We choose CHASE’19 because it provides high-rate (5 kHz) power traces segmented into fixed 1.5 s windows (7500 samples) with labels for four device states, allowing consistent single-device, cross-device, and leave-one-device-out evaluations within the same corpus [23]. It is widely referenced in the power-based IoT IDS studies we cite, thereby preserving comparability with prior work. We therefore position our results as a baseline benchmark and plan to extend the pipeline to newer datasets in future work.

3. Our Approach

This section describes the overall processing pipeline for power consumption–based IoT botnet detection. Our approach encompasses data acquisition and preprocessing, classical feature engineering, and the design and training of several models, ranging from classical machine learning to deep learning and hybrid architectures.
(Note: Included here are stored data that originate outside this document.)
(* Let $k$ be a field, $(C,\Delta)$ a coassociative coalgebra over $k$ that is skew cocommutative, i.e. $\tau\circ\Delta=-\Delta$ where $\tau(x\otimes y)=y\otimes x$, and let $(L,[\,,\,])$ be a Lie algebra over $k$. Let $\Phi(f\otimes g)(c)=\sum[f(c_{(1)}),g(c_{(2)})]$ for $f,g\in Hom(C,L)$, $\Delta(c)=\sum c_{(1)}\otimes c_{(2)}$. Then $\Phi$ is symmetric, $\Phi(g\otimes f)=\Phi(f\otimes g)$, and satisfies the Jacobi identity $\Phi(f\otimes\Phi(g\otimes h))+\Phi(g\otimes\Phi(h\otimes f))+\Phi(h\otimes\Phi(f\otimes g))=0$ for all $f,g,h\in Hom(C,L)$.
   Context: $Hom(C,L)$ denotes the vector space of $k$-linear maps $C\to L$. *)

theory Defs
  imports Main "HOL.Vector_Spaces"
begin

definition bilinear_map ::
  "('k::field \<Rightarrow> 'a::ab_group_add \<Rightarrow> 'a) \<Rightarrow> ('k \<Rightarrow> 'b::ab_group_add \<Rightarrow> 'b)
   \<Rightarrow> ('k \<Rightarrow> 'e::ab_group_add \<Rightarrow> 'e) \<Rightarrow> ('a \<Rightarrow> 'b \<Rightarrow> 'e) \<Rightarrow> bool" where
  "bilinear_map sa sb se \<beta> \<longleftrightarrow>
     (\<forall>y. Vector_Spaces.linear sa se (\<lambda>x. \<beta> x y)) \<and> (\<forall>x. Vector_Spaces.linear sb se (\<beta> x))"

definition trilinear_form ::
  "('k::field \<Rightarrow> 'c::ab_group_add \<Rightarrow> 'c) \<Rightarrow> ('c \<Rightarrow> 'c \<Rightarrow> 'c \<Rightarrow> 'k) \<Rightarrow> bool" where
  "trilinear_form s \<tau> \<longleftrightarrow>
     (\<forall>y z. Vector_Spaces.linear s (*) (\<lambda>x. \<tau> x y z)) \<and>
     (\<forall>x z. Vector_Spaces.linear s (*) (\<lambda>y. \<tau> x y z)) \<and>
     (\<forall>x y. Vector_Spaces.linear s (*) (\<lambda>z. \<tau> x y z))"

text \<open>An element of C \<otimes> C is represented by a finite list of pairs (the sum of
  the corresponding simple tensors); an element of C \<otimes> C \<otimes> C by a list of triples.
  Two representatives denote the same tensor iff every bilinear (trilinear) form
  C \<times> C \<rightarrow> k (C \<times> C \<times> C \<rightarrow> k) takes the same value on them (valid over a field).\<close>

definition teq2 :: "('k::field \<Rightarrow> 'c::ab_group_add \<Rightarrow> 'c) \<Rightarrow> ('c \<times> 'c) list \<Rightarrow> ('c \<times> 'c) list \<Rightarrow> bool" where
  "teq2 s xs ys \<longleftrightarrow> (\<forall>\<beta> :: 'c \<Rightarrow> 'c \<Rightarrow> 'k. bilinear_map s s (*) \<beta> \<longrightarrow>
     sum_list (map (\<lambda>(a,b). \<beta> a b) xs) = sum_list (map (\<lambda>(a,b). \<beta> a b) ys))"

definition teq3 :: "('k::field \<Rightarrow> 'c::ab_group_add \<Rightarrow> 'c) \<Rightarrow> ('c \<times> 'c \<times> 'c) list \<Rightarrow> ('c \<times> 'c \<times> 'c) list \<Rightarrow> bool" where
  "teq3 s xs ys \<longleftrightarrow> (\<forall>\<tau> :: 'c \<Rightarrow> 'c \<Rightarrow> 'c \<Rightarrow> 'k. trilinear_form s \<tau> \<longrightarrow>
     sum_list (map (\<lambda>(a,b,c). \<tau> a b c) xs) = sum_list (map (\<lambda>(a,b,c). \<tau> a b c) ys))"

text \<open>A (not necessarily counital) coassociative coalgebra: a vector space C with a
  linear comultiplication \<Delta> : C \<rightarrow> C \<otimes> C such that (\<Delta> \<otimes> id)\<Delta> = (id \<otimes> \<Delta>)\<Delta>.\<close>

definition coassoc_coalgebra :: "('k::field \<Rightarrow> 'c::ab_group_add \<Rightarrow> 'c) \<Rightarrow> ('c \<Rightarrow> ('c \<times> 'c) list) \<Rightarrow> bool" where
  "coassoc_coalgebra s \<Delta> \<longleftrightarrow>
     vector_space s \<and>
     (\<forall>x y. teq2 s (\<Delta> (x + y)) (\<Delta> x @ \<Delta> y)) \<and>
     (\<forall>r x. teq2 s (\<Delta> (s r x)) (map (\<lambda>(a,b). (s r a, b)) (\<Delta> x))) \<and>
     (\<forall>c. teq3 s
        (concat (map (\<lambda>(a,b). map (\<lambda>(a1,a2). (a1,a2,b)) (\<Delta> a)) (\<Delta> c)))
        (concat (map (\<lambda>(a,b). map (\<lambda>(b1,b2). (a,b1,b2)) (\<Delta> b)) (\<Delta> c))))"

definition skew_cocommutative :: "('k::field \<Rightarrow> 'c::ab_group_add \<Rightarrow> 'c) \<Rightarrow> ('c \<Rightarrow> ('c \<times> 'c) list) \<Rightarrow> bool" where
  "skew_cocommutative s \<Delta> \<longleftrightarrow>
     (\<forall>c. teq2 s (map (\<lambda>(a,b). (b,a)) (\<Delta> c)) (map (\<lambda>(a,b). (- a, b)) (\<Delta> c)))"

definition lie_algebra :: "('k::field \<Rightarrow> 'l::ab_group_add \<Rightarrow> 'l) \<Rightarrow> ('l \<Rightarrow> 'l \<Rightarrow> 'l) \<Rightarrow> bool" where
  "lie_algebra s br \<longleftrightarrow>
     vector_space s \<and> bilinear_map s s s br \<and>
     (\<forall>x. br x x = 0) \<and>
     (\<forall>x y z. br x (br y z) + br y (br z x) + br z (br x y) = 0)"

definition Phi :: "('c \<Rightarrow> ('c \<times> 'c) list) \<Rightarrow> ('l \<Rightarrow> 'l \<Rightarrow> 'l::ab_group_add) \<Rightarrow> ('c \<Rightarrow> 'l) \<Rightarrow> ('c \<Rightarrow> 'l) \<Rightarrow> 'c \<Rightarrow> 'l" where
  "Phi \<Delta> br f g = (\<lambda>c. sum_list (map (\<lambda>(a,b). br (f a) (g b)) (\<Delta> c)))"

end

theory Submission
  imports Defs
begin

text \<open>Tensors in \<open>C \<otimes> C\<close> and \<open>C \<otimes> C \<otimes> C\<close> are only observed through \<open>k\<close>-valued
  multilinear forms; since linear functionals on a vector space separate its points, the
  coalgebra axioms transfer to multilinear maps with values in any vector space, in particular
  in \<open>L\<close>. Symmetry of \<open>\<Phi>\<close> is then skew cocommutativity combined with antisymmetry of the
  bracket. For the Jacobi identity, coassociativity together with skew cocommutativity in the
  first two and in the last two tensor factors (two sign changes) shows that
  \<open>\<Sum> \<tau>(c\<^sub>1, c\<^sub>2, c\<^sub>3)\<close> is invariant under cyclic permutation of the arguments of a
  trilinear \<open>\<tau>\<close>. This turns the three terms into one sum of Jacobiators
  \<open>[f c\<^sub>1, [g c\<^sub>2, h c\<^sub>3]] + [g c\<^sub>2, [h c\<^sub>3, f c\<^sub>1]] + [h c\<^sub>3, [f c\<^sub>1, g c\<^sub>2]] = 0\<close>.\<close>

lemma sum_list_concat: "sum_list (concat xss) = sum_list (map sum_list xss)"
  for xss :: "'a::monoid_add list list"
  by (induction xss) auto

lemma linear_imp_vector_space_pair:
  "Vector_Spaces.linear s1 s2 f \<Longrightarrow> vector_space_pair s1 s2"
  by (simp add: linear_iff vector_space_pair.intro)

lemma linear_uminus: "Vector_Spaces.linear s1 s2 f \<Longrightarrow> f (- x) = - f x"
  using vector_space_pair.linear_neg[OF linear_imp_vector_space_pair] .

lemma linear_sum_list:
  assumes f: "Vector_Spaces.linear s1 s2 f"
  shows "f (sum_list (map g xs)) = sum_list (map (\<lambda>x. f (g x)) xs)"
  using vector_space_pair.linear_add[OF linear_imp_vector_space_pair[OF f] f]
    vector_space_pair.linear_0[OF linear_imp_vector_space_pair[OF f] f]
  by (induction xs) auto

lemma vector_space_field_mult: "vector_space ((*) :: 'k::field \<Rightarrow> 'k \<Rightarrow> 'k)"
  by unfold_locales (auto simp: algebra_simps)

lemma linear_functionals_separate:
  fixes s :: "'k::field \<Rightarrow> 'v::ab_group_add \<Rightarrow> 'v"
  assumes vs: "vector_space s"
    and eq: "\<And>\<phi>. Vector_Spaces.linear s ((*) :: 'k \<Rightarrow> 'k \<Rightarrow> 'k) \<phi> \<Longrightarrow> \<phi> u = \<phi> v"
  shows "u = v"
proof (rule ccontr)
  assume "u \<noteq> v"
  interpret vector_space_pair s "(*) :: 'k \<Rightarrow> 'k \<Rightarrow> 'k"
    using vs vector_space_field_mult by (simp add: vector_space_pair_def)
  have "vs1.independent {u - v}"
    using \<open>u \<noteq> v\<close> by simp
  then obtain \<phi> where \<phi>: "Vector_Spaces.linear s (*) \<phi>" and "\<phi> (u - v) = 1"
    using linear_independent_extend[of "{u - v}" "\<lambda>_. 1"] by auto
  with eq[OF \<phi>] show False
    by (simp add: linear_diff[OF \<phi>])
qed

definition trilinear_map ::
  "('k::field \<Rightarrow> 'c::ab_group_add \<Rightarrow> 'c) \<Rightarrow> ('k \<Rightarrow> 'e::ab_group_add \<Rightarrow> 'e)
   \<Rightarrow> ('c \<Rightarrow> 'c \<Rightarrow> 'c \<Rightarrow> 'e) \<Rightarrow> bool" where
  "trilinear_map s se \<tau> \<longleftrightarrow>
     (\<forall>y z. Vector_Spaces.linear s se (\<lambda>x. \<tau> x y z)) \<and>
     (\<forall>x z. Vector_Spaces.linear s se (\<lambda>y. \<tau> x y z)) \<and>
     (\<forall>x y. Vector_Spaces.linear s se (\<lambda>z. \<tau> x y z))"

lemma trilinear_form_iff_trilinear_map: "trilinear_form s \<tau> \<longleftrightarrow> trilinear_map s (*) \<tau>"
  by (simp add: trilinear_form_def trilinear_map_def)

lemma linear_comp:
  "Vector_Spaces.linear s1 s2 f \<Longrightarrow> Vector_Spaces.linear s2 s3 g \<Longrightarrow>
   Vector_Spaces.linear s1 s3 (\<lambda>x. g (f x))"
  using Vector_Spaces.linear_compose[of s1 s2 f s3 g] by (simp add: o_def)

lemma bilinear_map_swap: "bilinear_map sa sb se \<beta> \<Longrightarrow> bilinear_map sb sa se (\<lambda>x y. \<beta> y x)"
  by (simp add: bilinear_map_def)

lemma bilinear_map_compose_linear:
  assumes "bilinear_map sa sb se \<beta>" and "Vector_Spaces.linear se sv \<phi>"
  shows "bilinear_map sa sb sv (\<lambda>x y. \<phi> (\<beta> x y))"
  using assms unfolding bilinear_map_def by (simp add: linear_comp[of _ se _ sv \<phi>])

lemma bilinear_map_compose_linear_args:
  assumes \<beta>: "bilinear_map sa sb se \<beta>"
    and f: "Vector_Spaces.linear sc sa f" and g: "Vector_Spaces.linear sc sb g"
  shows "bilinear_map sc sc se (\<lambda>x y. \<beta> (f x) (g y))"
proof -
  have "Vector_Spaces.linear sa se (\<lambda>u. \<beta> u v)" "Vector_Spaces.linear sb se (\<beta> u)" for u v
    using \<beta> by (simp_all add: bilinear_map_def)
  from linear_comp[OF f this(1)] linear_comp[OF g this(2)] show ?thesis
    by (simp add: bilinear_map_def)
qed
As shown in Figure 2, the pipeline proceeds through four stages:

• Stage 1. Data Preparation: IoT power traces are grouped into one-device and cross-device sets and split into Train/Val/Test.
• Stage 2. Data Preprocessing: Each 1.5 s window (7500 samples) is normalized and then routed either to (i) feature engineering, an 11-D vector of time/frequency statistics plus low-band energy used by SVM/RF or to (ii) deep-learning reshaping: $(1,7500)$ for CNN/CNN + RF and $(75,100)$ for LSTM, a 1D Transformer, and hybrid models; Train/Val loaders are then built.
• Stage 3. Model Training: We train and validate under both single-device and cross-device regimes, compare validation metrics, and save the checkpoints.
• Stage 4. Evaluation and Benchmarking: The trained single-device and cross-device models are loaded in parallel lanes to run test-time intrusion detection (with the same normalization), compute accuracy, precision, recall, F1, ROC–AUC, and efficiency (latency, throughput), after which we compare models and select the best configuration for deployment.

3.1. Workflow

3.1.1. Dataset and Preprocessing

We adopt the CHASE’19 dataset, which consists of power consumption measurements sampled at 5 kHz. Each instance is constructed from a 1.5 s window and contains 7500 data points. The dataset is divided into four classes that capture distinct operational and anomalous patterns: (i) IoT Service (0) represents normal device operations, (ii) Reboot (1) captures power profiles during device restarts, (iii) Idle (2) reflects baseline power usage without activity, and (iv) Botnet (3) contains signatures produced by botnet-induced anomalies.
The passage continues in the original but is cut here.